We long for the authority of our eternal yesterday because the reality of our present does not resemble the glorious past. We long for Bo because we have memories of him, as fans either remembering the greatest glories under Bo, or growing up with him as our first coach. We are confronted with a new generation of students for whom Michigan's 1997 National Championship might be as foreign as their 1933 National Championship. For whom Lloyd is their first coach, for all of the ups and downs of what it means to have Lloyd, the accidental emperor, (our own George VI, if you will) as your first coach completely alters your perceptions of Michigan football and the past.
So, please let me say that Michigan football is in need of a Renaissance, a small Renaissance, but a Renaissance nonetheless. It needs a new ruler for a new era, one who can bring stability to the land, who can recapture the spirit of 1901, the spirit of 1969, and yes, the spirit of 1997, but in their own particular idiom. Perhaps it a Prodigal son, not a direct heir, but a branch of the tree. Perhaps it is new blood, a vision of what Michigan can be again in their own particular style. But we need this moment because the only way we can truly appreciate the way forward is to appreciate each era on its own merits and in its own contexts. The past never leaves us, but it cannot block our path.
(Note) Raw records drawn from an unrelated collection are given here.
text \<open>Write a solution as \<open>x = y + r \<cdot> 1\<close>, where \<open>r\<close> accumulates the feedback
  \<open>-\<alpha> finf(x)\<close>. Since \<open>T\<^sup>o\<close> commutes with diagonal shifts, \<open>y\<close> solves
  \<open>y' = T\<^sup>o(y) - y\<close>. Along that flow a maximum principle keeps the largest entry from increasing
  and the smallest from decreasing, and over a fixed time span the spread contracts by a fixed
  factor: either some entry in the closed class is high, and positive transition probabilities carry
  this backwards to every state, raising the minimum; or the whole class is low, and since every
  state is eventually forced into the class under every action, the maximum drops. So all entries
  of \<open>y\<close> tend to one constant \<open>c\<close>. Then \<open>w = c + r\<close> solves \<open>w' = -\<alpha> finf(w \<cdot> 1 + o(1))\<close>;
  as \<open>finf\<close> is Lipschitz and strictly increasing along \<open>1\<close> with \<open>finf 0 = 0\<close>, \<open>w \<rightarrow> 0\<close>, hence
  \<open>x \<rightarrow> 0\<close>. The same estimates for a small initial value give Lyapunov stability, and as the zero
  function is a solution, no other point can be globally attracting.\<close>

section \<open>Comparison principles for differential inequalities\<close>

lemma negativity_persists:
  fixes g g' :: "'i \<Rightarrow> real \<Rightarrow> real"
  assumes "finite I"
    and cont: "\<And>i. i \<in> I \<Longrightarrow> continuous_on {t0..} (g i)"
    and deriv: "\<And>i t. i \<in> I \<Longrightarrow> t0 < t \<Longrightarrow> (g i has_real_derivative g' i t) (at t)"
    and start: "\<And>i. i \<in> I \<Longrightarrow> g i t0 < 0"
    and touch: "\<And>i t. i \<in> I \<Longrightarrow> t0 < t \<Longrightarrow> (\<forall>j\<in>I. g j t \<le> 0) \<Longrightarrow> g i t = 0 \<Longrightarrow> g' i t < 0"
    and "i \<in> I" "t0 \<le> t"
  shows "g i t < 0"
proof (rule ccontr)
  assume "\<not> g i t < 0"
  define S where "S = (\<Union>j\<in>I. {s \<in> {t0..}. 0 \<le> g j s})"
  have "closed S"
    unfolding S_def using \<open>finite I\<close> by (intro closed_UN ballI continuous_on_closed_Collect_le cont) auto
  moreover have "t \<in> S"
    using \<open>\<not> g i t < 0\<close> \<open>i \<in> I\<close> \<open>t0 \<le> t\<close> unfolding S_def by (auto simp: not_less)
  moreover have "bdd_below S"
    unfolding S_def by (auto intro!: bdd_belowI[of _ t0])
  ultimately have "Inf S \<in> S"
    using closed_contains_Inf by (metis empty_iff)
  define ts where "ts = Inf S"
  obtain k where k: "k \<in> I" "t0 \<le> ts" "0 \<le> g k ts"
    using \<open>Inf S \<in> S\<close> unfolding S_def ts_def by auto
  have below: "g j s < 0" if "j \<in> I" "t0 \<le> s" "s < ts" for j s
  proof (rule ccontr)
    assume "\<not> g j s < 0"
    then have "s \<in> S" using that unfolding S_def by (auto simp: not_less)
    then have "ts \<le> s" unfolding ts_def by (rule cInf_lower) fact
    with \<open>s < ts\<close> show False by simp
  qed
  have "t0 < ts" using k start[OF k(1)] by (fastforce simp: le_less)
  have "g j ts \<le> 0" if "j \<in> I" for j
  proof -
    have "closure {t0..<ts} \<subseteq> {s \<in> {t0..}. g j s \<le> 0}"
      using below[OF that] cont[OF that]
      by (intro closure_minimal continuous_on_closed_Collect_le) (auto intro: less_imp_le)
    moreover have "ts \<in> closure {t0..<ts}" using \<open>t0 < ts\<close> by simp
    ultimately show ?thesis by blast
  qed
  then have "g' k ts < 0" using touch[OF k(1) \<open>t0 < ts\<close>] k by force
  then obtain d where "d > 0" and d: "\<And>h. 0 < h \<Longrightarrow> h < d \<Longrightarrow> g k ts < g k (ts - h)"
    using DERIV_neg_dec_left[OF deriv[OF k(1) \<open>t0 < ts\<close>]] by blast
  define h where "h = min (d/2) (ts - t0)"
  have "0 < h" "h < d" "h \<le> ts - t0" using \<open>d > 0\<close> \<open>t0 < ts\<close> unfolding h_def by auto
  then show False using d[of h] below[OF k(1), of "ts - h"] k by auto
qed

lemma max_principle:
  fixes u u' :: "'i \<Rightarrow> real \<Rightarrow> real"
  assumes "finite I"
    and cont: "\<And>i. i \<in> I \<Longrightarrow> continuous_on {t0..} (u i)"
    and deriv: "\<And>i t. i \<in> I \<Longrightarrow> t0 < t \<Longrightarrow> (u i has_real_derivative u' i t) (at t)"
    and start: "\<And>i. i \<in> I \<Longrightarrow> u i t0 \<le> M"
    and at_max: "\<And>i t. i \<in> I \<Longrightarrow> t0 < t \<Longrightarrow> (\<forall>j\<in>I. u j t \<le> u i t) \<Longrightarrow> u' i t \<le> 0"
    and "i \<in> I" "t0 \<le> t"
  shows "u i t \<le> M"
proof (rule field_le_epsilon)
  fix e :: real assume "0 < e"
  \<comment> \<open>compare with the strictly increasing barrier \<open>M + e exp (s - t)\<close>, equal to \<open>M + e\<close> at time \<open>t\<close>\<close>
  have "u i t - (M + e * exp (t - t)) < 0"
  proof (rule negativity_persists[where g = "\<lambda>i s. u i s - (M + e * exp (s - t))"
        and g' = "\<lambda>i s. u' i s - e * exp (s - t)"])
    fix j s assume j: "j \<in> I" and "t0 < s"
    show "((\<lambda>s. u j s - (M + e * exp (s - t))) has_real_derivative u' j s - e * exp (s - t)) (at s)"
      using deriv[OF j \<open>t0 < s\<close>] by (auto intro!: derivative_eq_intros)
    assume "\<forall>k\<in>I. u k s - (M + e * exp (s - t)) \<le> 0" "u j s - (M + e * exp (s - t)) = 0"
    then have "u' j s \<le> 0" using at_max[OF j \<open>t0 < s\<close>] by auto
    then show "u' j s - e * exp (s - t) < 0" using mult_pos_pos[OF \<open>0 < e\<close> exp_gt_zero, of "s - t"] by linarith
  next
    show "u j t0 - (M + e * exp (t0 - t)) < 0" if "j \<in> I" for j
      using start[OF that] mult_pos_pos[OF \<open>0 < e\<close> exp_gt_zero, of "t0 - t"] by linarith
  qed (use assms in \<open>auto intro!: continuous_intros\<close>)
  then show "u i t \<le> M + e" by simp
qed

lemma relaxation_lower_bound:
  fixes g g' :: "real \<Rightarrow> real"
  assumes "a \<le> t" and cont: "continuous_on {a..t} g"
    and deriv: "\<And>s. a < s \<Longrightarrow> s < t \<Longrightarrow> (g has_real_derivative g' s) (at s)"
    and rate: "\<And>s. a < s \<Longrightarrow> s < t \<Longrightarrow> b * (A - g s) \<le> g' s"
  shows "A + exp (- b * (t - a)) * (g a - A) \<le> g t"
proof -
  define k where "k s = exp (b * s) * (g s - A)" for s
  have "k a \<le> k t"
  proof (rule DERIV_nonneg_imp_increasing_open[OF \<open>a \<le> t\<close>])
    fix s assume s: "a < s" "s < t"
    have "(k has_real_derivative exp (b * s) * (g' s - b * (A - g s))) (at s)"
      unfolding k_def using deriv[OF s] by (auto intro!: derivative_eq_intros simp: algebra_simps)
    moreover have "0 \<le> exp (b * s) * (g' s - b * (A - g s))"
      using rate[OF s] by simp
    ultimately show "\<exists>y. (k has_real_derivative y) (at s) \<and> 0 \<le> y" by blast
  qed (unfold k_def, intro continuous_intros cont)
  then have "exp (- b * t) * (exp (b * a) * (g a - A)) \<le> exp (- b * t) * (exp (b * t) * (g t - A))"
    unfolding k_def by (intro mult_left_mono) auto
  then have "exp (- b * t + b * a) * (g a - A) \<le> g t - A"
    by (simp add: mult.assoc[symmetric] exp_add[symmetric])
  then show ?thesis by (simp add: algebra_simps)
qed

lemma relaxation_gain_lower:
  fixes g g' :: "real \<Rightarrow> real"
  assumes "a + 1 \<le> t" and "continuous_on {a..t} g"
    and "\<And>s. a < s \<Longrightarrow> s < t \<Longrightarrow> (g has_real_derivative g' s) (at s)"
    and "\<And>s. a < s \<Longrightarrow> s < t \<Longrightarrow> b * (A - g s) \<le> g' s"
    and "0 < b" "m \<le> g a" "m \<le> A"
  shows "m + (A - m) * (1 - exp (- b)) \<le> g t"
proof -
  have decay: "exp (- b * (t - a)) \<le> exp (- b)"
    using \<open>0 < b\<close> \<open>a + 1 \<le> t\<close> by (simp add: mult_le_cancel_left1)
  have "exp (- b) * (m - A) \<le> exp (- b * (t - a)) * (g a - A)"
  proof -
    have "exp (- b) * (m - A) \<le> exp (- b * (t - a)) * (m - A)"
      using \<open>m \<le> A\<close> decay by (intro mult_right_mono_neg) auto
    also have "\<dots> \<le> exp (- b * (t - a)) * (g a - A)"
      using \<open>m \<le> g a\<close> by (intro mult_left_mono) auto
    finally show ?thesis .
  qed
  moreover have "A + exp (- b * (t - a)) * (g a - A) \<le> g t"
    by (rule relaxation_lower_bound) (use assms in auto)
  ultimately show ?thesis by (simp add: algebra_simps)
qed

lemma relaxation_gain_upper:
  fixes g g' :: "real \<Rightarrow> real"
  assumes "a + 1 \<le> t" and "continuous_on {a..t} g"
    and "\<And>s. a < s \<Longrightarrow> s < t \<Longrightarrow> (g has_real_derivative g' s) (at s)"
    and "\<And>s. a < s \<Longrightarrow> s < t \<Longrightarrow> g' s \<le> b * (A - g s)"
    and "0 < b" "g a \<le> M" "A \<le> M"
  shows "g t \<le> M - (M - A) * (1 - exp (- b))"
proof -
  have "- M + (- A - - M) * (1 - exp (- b)) \<le> - g t"
  proof (rule relaxation_gain_lower[where g = "\<lambda>s. - g s" and g' = "\<lambda>s. - g' s" and a = a])
    show "continuous_on {a..t} (\<lambda>s. - g s)" using assms(2) by (rule continuous_on_minus)
    show "((\<lambda>s. - g s) has_real_derivative - g' s) (at s)" if "a < s" "s < t" for s
      using assms(3)[OF that] by (rule DERIV_minus)
    show "b * (- A - - g s) \<le> - g' s" if "a < s" "s < t" for s
      using assms(4)[OF that] by (simp add: algebra_simps)
  qed (use assms in auto)
  then show ?thesis by (simp add: algebra_simps)
qed

lemma stays_in_interval:
  fixes w w' :: "real \<Rightarrow> real"
  assumes cont: "continuous_on {t0..} w"
    and deriv: "\<And>t. t0 < t \<Longrightarrow> (w has_real_derivative w' t) (at t)"
    and start: "\<bar>w t0\<bar> < \<rho>"
    and inward: "\<And>t. t0 < t \<Longrightarrow> \<bar>w t\<bar> = \<rho> \<Longrightarrow> w t * w' t < 0"
    and "t0 \<le> t"
  shows "\<bar>w t\<bar> < \<rho>"
proof -
  have "0 < \<rho>" using start by linarith
  then have inside_iff: "\<bar>v\<bar> < \<rho> \<longleftrightarrow> v\<^sup>2 - \<rho>\<^sup>2 < 0" for v
    using abs_le_square_iff[of \<rho> v] by (simp add: not_le[symmetric])
  have "(w t)\<^sup>2 - \<rho>\<^sup>2 < 0"
  proof (rule negativity_persists[where I = "{()}" and g = "\<lambda>_ s. (w s)\<^sup>2 - \<rho>\<^sup>2"
        and g' = "\<lambda>_ s. 2 * (w s * w' s)"])
    show "\<And>s. t0 < s \<Longrightarrow> ((\<lambda>s. (w s)\<^sup>2 - \<rho>\<^sup>2) has_real_derivative 2 * (w s * w' s)) (at s)"
      using deriv by (auto intro!: derivative_eq_intros)
    show "(w t0)\<^sup>2 - \<rho>\<^sup>2 < 0"
      using start inside_iff by blast
    fix s assume "t0 < s" "(w s)\<^sup>2 - \<rho>\<^sup>2 = 0"
    then have "\<bar>w s\<bar>\<^sup>2 = \<rho>\<^sup>2" by simp
    then have "\<bar>w s\<bar> = \<rho>"
      using \<open>0 < \<rho>\<close> by (subst (asm) power2_eq_iff_nonneg) auto
    then show "2 * (w s * w' s) < 0" using inward \<open>t0 < s\<close> by simp
  qed (use cont \<open>t0 \<le> t\<close> in \<open>auto intro!: continuous_intros\<close>)
  then show ?thesis using inside_iff by blast
qed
In this way, it's not unlike the debate over the Legends jerseys. On the one hand, it's great to honor the people who built Michigan football into what it is today. On the other hand, today's players should have the same chance to make their numbers their own, write their own legacies. In the last seven years, we've tried a little bit of both, and the results have been less than spectacular. But it should not stop us again. There are no guarantees in life. But if we choose wisely, if we choose well, and if we can get behind a new vision, if we are patient, understanding, and hopeful, we might just have a chance to succeed.
Let us celebrate the past as a link in a chain towards a brighter tomorrow, not one sinking toward the seabed and an anchor without purchase, drifting ever closer to the shoals of imperial decline.
"I know that was then, but it could be again."